Preliminary Statement

This is an action for damages and injunctive relief pursuant to 42 U.S.C. § 1983 (1983), alleging violation of plaintiff’s rights under the Fourth and Fourteenth Amendments to the United States Constitution.  Plaintiff, formerly an inmate at Downstate Correctional Facility, Fishkill, New York (“Downstate”), alleges that punishment imposed on him on the basis of a urinalysis test in March 1985 by defendant, an employee of the New York State Department of Correctional Services, was both the result of an unreasonable search and seizure and a deprivation of due process under the law.  Plaintiff asks the Court to (1) void the determination of the Downstate disciplinary proceeding finding him guilty of use of narcotics while on prison furlough, (2) expunge such determination from his prison record, and (3) to award him damages suffered as a direct result of that constitutionally improper proceeding.
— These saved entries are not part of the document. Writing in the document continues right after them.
(* Let $R$ be a finite local Frobenius ring which is not a field, with a fixed primitive additive character $\psi$, and let $\tau$ be any multiplicative character of $R$. Then $$\sum_{a\in R^\times}|K_\tau(a)|^2=\begin{cases}|R|\,|R^\times| & \text{if }\tau\text{ is non-primitive},\\ 2|R|\,|R^\times|-|R|^2 & \text{if }\tau\text{ is primitive}.\end{cases}$$
   Context: All rings are finite and commutative with identity; $R^\times$ is the unit group; $M$ is the maximal ideal. An additive character $(R,+)\to\mathbb{C}^*$ is primitive if the only ideal on which it is identically $1$ is $(0)$; $R$ is Frobenius if such a character exists. A multiplicative character is a homomorphism $R^\times\to\mathbb{C}^*$; its conductor is $R$ if it is trivial, and otherwise the largest ideal $I\subseteq M$ such that it is identically $1$ on $1+I$; it is primitive if its conductor is $(0)$. $K_\tau(a)=\sum_{u\in R^\times}\tau(u)\psi(u+au^{-1})$. *)

theory Defs
  imports Complex_Main
begin

text \<open>Finite commutative rings are modelled by a type of class comm_ring_1 and finite.\<close>

definition ring_ideal :: "'a::comm_ring_1 set \<Rightarrow> bool" where
  "ring_ideal I \<longleftrightarrow> 0 \<in> I \<and> (\<forall>x\<in>I. \<forall>y\<in>I. x + y \<in> I) \<and> (\<forall>r. \<forall>x\<in>I. r * x \<in> I)"

definition maximal_ideal :: "'a::comm_ring_1 set \<Rightarrow> bool" where
  "maximal_ideal I \<longleftrightarrow> ring_ideal I \<and> I \<noteq> UNIV \<and>
     (\<forall>J. ring_ideal J \<and> I \<subseteq> J \<longrightarrow> J = I \<or> J = UNIV)"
Summary of Facts to Be Established at Trial

Plaintiff will show that in February 1985 he provided a Downstate correction officer with a urine specimen upon demand for testing for drug use following a temporary furlough from Downstate.  Plaintiff will show that his urine specimen was thereafter received by National Health Laboratories, Mountainside, New Jersey (“National Health Laboratories”), for purposes of such testing.
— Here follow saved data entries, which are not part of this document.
lemma subI_complete:
  fixes x y :: "('b, 'g) ty" and p q :: "('b, 'g) poly"
  shows "sub J x y \<Longrightarrow> finite A \<Longrightarrow> \<forall>\<alpha>. plain (\<xi> \<alpha>) \<Longrightarrow> tso \<xi> \<sigma> = x \<Longrightarrow> tso \<xi> \<tau> = y \<Longrightarrow>
      tsv \<sigma> \<union> tsv \<tau> \<subseteq> A \<Longrightarrow> \<exists>S \<Phi> \<xi>'. subI S \<Phi> \<sigma> \<tau> \<and> fresh_solution J S \<Phi> \<xi> \<xi>' A"
    and "subp J p q \<Longrightarrow> finite A \<Longrightarrow> \<forall>\<alpha>. plain (\<xi> \<alpha>) \<Longrightarrow> pso \<xi> \<sigma>' = p \<Longrightarrow> pso \<xi> \<tau>' = q \<Longrightarrow>
      psv \<sigma>' \<union> psv \<tau>' \<subseteq> A \<Longrightarrow> \<exists>S \<Phi> \<xi>'. subIp S \<Phi> \<sigma>' \<tau>' \<and> fresh_solution J S \<Phi> \<xi> \<xi>' A"
proof (induct arbitrary: \<sigma> \<tau> \<xi> A and \<sigma>' \<tau>' \<xi> A rule: sub_subp.inducts)
  case (sub_base a a' b)
  then obtain a0 a1 where "\<sigma> = TB b a0" "\<tau> = TB b a1" "iso \<xi> a0 = a" "iso \<xi> a1 = a'"
    by (auto simp: tso_eq_TB)
  then have "subI {} {CLe a0 a1} \<sigma> \<tau>" "fresh_solution J {} {CLe a0 a1} \<xi> \<xi> A"
    using sub_base by (auto simp: fresh_solution_def subI_base)
  then show ?case by blast
next
  case (sub_prod r1 r1' r2 r2')
  obtain q1 q2 p1 p2 where e: "\<sigma> = TP q1 q2" "\<tau> = TP p1 p2"
    "tso \<xi> q1 = r1" "tso \<xi> q2 = r2" "tso \<xi> p1 = r1'" "tso \<xi> p2 = r2'"
    using sub_prod.prems(3,4) by (auto simp: tso_eq_TP)
  have sv: "tsv q1 \<union> tsv p1 \<subseteq> A" "tsv q2 \<union> tsv p2 \<subseteq> A" using sub_prod.prems(5) e by auto
  obtain S1 \<Phi>1 \<xi>1 where h1: "subI S1 \<Phi>1 q1 p1" "fresh_solution J S1 \<Phi>1 \<xi> \<xi>1 A"
    using sub_prod(2)[OF sub_prod.prems(1,2) e(3,5) sv(1)] by blast
  have fin2: "finite (A \<union> S1)" and eq2: "tso \<xi>1 q2 = r2" "tso \<xi>1 p2 = r2'"
    and sv2: "tsv q2 \<union> tsv p2 \<subseteq> A \<union> S1"
    using fresh_solution_agree[OF h1(2)] fresh_solutionD(1)[OF h1(2)] e sv sub_prod.prems(1) by auto
  obtain S2 \<Phi>2 \<xi>2 where h2: "subI S2 \<Phi>2 q2 p2" "fresh_solution J S2 \<Phi>2 \<xi>1 \<xi>2 (A \<union> S1)"
    using sub_prod(4)[OF fin2 fresh_solutionD(3)[OF h1(2)] eq2 sv2] by blast
  show ?case
    using fresh_solution_trans[OF h1(2) h2(2)] h1(1) h2(1) e by (blast intro: subI_prod)
next
  case (sub_arr n2 t2 n1 t1 r1 r2)
  obtain s1 q1 s2 q2 where e: "\<sigma> = TA n1 s1 q1" "\<tau> = TA n2 s2 q2"
    "tso \<xi> s1 = t1" "tso \<xi> q1 = r1" "tso \<xi> s2 = t2" "tso \<xi> q2 = r2"
    using sub_arr.prems(3,4) by (auto simp: tso_eq_TA)
  have sv: "psv (n2, s2) \<union> psv (n1, s1) \<subseteq> A" "tsv q1 \<union> tsv q2 \<subseteq> A"
    using sub_arr.prems(5) e by (auto simp: psv_def)
  have "pso \<xi> (n2, s2) = (n2, t2)" "pso \<xi> (n1, s1) = (n1, t1)" using e by (simp_all add: pso_def)
  then obtain S1 \<Phi>1 \<xi>1 where h1: "subIp S1 \<Phi>1 (n2, s2) (n1, s1)" "fresh_solution J S1 \<Phi>1 \<xi> \<xi>1 A"
    using sub_arr(2)[OF sub_arr.prems(1,2) _ _ sv(1)] by blast
  have fin2: "finite (A \<union> S1)" and eq2: "tso \<xi>1 q1 = r1" "tso \<xi>1 q2 = r2"
    and sv2: "tsv q1 \<union> tsv q2 \<subseteq> A \<union> S1"
    using fresh_solution_agree[OF h1(2)] fresh_solutionD(1)[OF h1(2)] e sv sub_arr.prems(1) by auto
  obtain S2 \<Phi>2 \<xi>2 where h2: "subI S2 \<Phi>2 q1 q2" "fresh_solution J S2 \<Phi>2 \<xi>1 \<xi>2 (A \<union> S1)"
    using sub_arr(4)[OF fin2 fresh_solutionD(3)[OF h1(2)] eq2 sv2] by blast
  show ?case
    using fresh_solution_trans[OF h1(2) h2(2)] h1(1) h2(1) e by (blast intro: subI_arr)
next
  case (subp_all "is" n1 r1 \<sigma>2 r2)
  obtain s1 m s2 where e: "\<sigma>' = (n1, s1)" "\<tau>' = (m, s2)" "tso \<xi> s1 = r1" "\<sigma>2 = (m, tso \<xi> s2)"
    using subp_all.prems(3,4) by (cases \<sigma>', cases \<tau>') (auto simp: pso_def)
  have sv: "tsv s1 \<subseteq> A" "tsv s2 \<subseteq> A" using subp_all.prems(5) e by (auto simp: psv_def)
  obtain as \<xi>a where as: "length as = m" "distinct as" "set as \<inter> A = {}"
    and \<xi>a: "tso \<xi>a (topen 0 (map SV as) s2) = r2" "fresh_solution J (set as) {} \<xi> \<xi>a A"
    using fresh_instance[OF subp_all(4)[unfolded e(4)] subp_all.prems(1,2) sv(2)] by metis
  have "tso \<xi>a (topen 0 (map IV is) s1) = topen 0 (map IV is) r1"
    using fresh_solution_agree[OF \<xi>a(2) sv(1)] e(3) fresh_solutionD(3)[OF \<xi>a(2)]
    by (simp add: tso_topen plain_def comp_def)
  moreover have "tsv (topen 0 (map IV is) s1) \<union> tsv (topen 0 (map SV as) s2) \<subseteq> A \<union> set as"
    using sv tsv_topen_IV[of 0 "is" s1] tsv_topen_SV[of 0 as s2] by blast
  moreover have "finite (A \<union> set as)" using subp_all.prems(1) by simp
  ultimately obtain S \<Phi> \<xi>' where
    h: "subI S \<Phi> (topen 0 (map IV is) s1) (topen 0 (map SV as) s2)"
      "fresh_solution J S \<Phi> \<xi>a \<xi>' (A \<union> set as)"
    using subp_all(6)[OF _ fresh_solutionD(3)[OF \<xi>a(2)] _ \<xi>a(1)] by blast
  have fresh: "set is \<inter> (tfv s1 \<union> tfv s2) = {}" "\<forall>\<alpha>\<in>tsv s1 \<union> tsv s2. set is \<inter> ivs (\<xi> \<alpha>) = {}"
    using subp_all(3) unfolding e(3)[symmetric] e(4)
    by (auto simp: Int_Un_distrib tfv_tso_disjoint pfv_def)
  then have "fresh_solution J (S \<union> set as) (\<Phi> \<union> notin is (tsv s1) \<union> notin is (tsv s2)) \<xi> \<xi>' A"
    using fresh_solution_notin[OF fresh_solution_notin[OF fresh_solution_trans(1)[OF \<xi>a(2) h(2)]]] sv
    by (simp add: Un_commute)
  moreover have "subIp (S \<union> set as) (\<Phi> \<union> notin is (tsv s1) \<union> notin is (tsv s2)) (n1, s1) (m, s2)"
  proof (rule subIp_all[OF h(1) subp_all(1,2) as(1,2)])
    show "set as \<inter> (S \<union> tsv s1 \<union> tsv s2) = {}" using fresh_solutionD(2)[OF h(2)] as(3) sv by blast
  qed (rule fresh(1))
  ultimately show ?case using e by blast
qed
Plaintiff will show that the chain of custody record mandated by New York State regulations was not maintained between the time his urine specimen was collected and the time it was delivered to National Health Laboratories.

Plaintiff will show that the EMIT drug detection system, used by National Health Laboratories in testing plaintiff’s urine specimen for evidence of drug use, does not in itself provide reliable evidence of marijuana use.  The “positive” result obtained by the EMIT test of plaintiff’s urine specimen must be confirmed by an alternate method of analysis or by a second, separate EMIT test in order to be used as reliable evidence of marijuana use.

Plaintiff will show that in March 1985 he was found guilty of violating Department of Correctional Services Rule 113.12 – “Use of Narcotic Substances” solely as a result of the urinalysis test performed on his urine by National Health Laboratories.  Plaintiff was punished by confinement, loss of privileges, and prison transfer as a direct result of that disciplinary determination.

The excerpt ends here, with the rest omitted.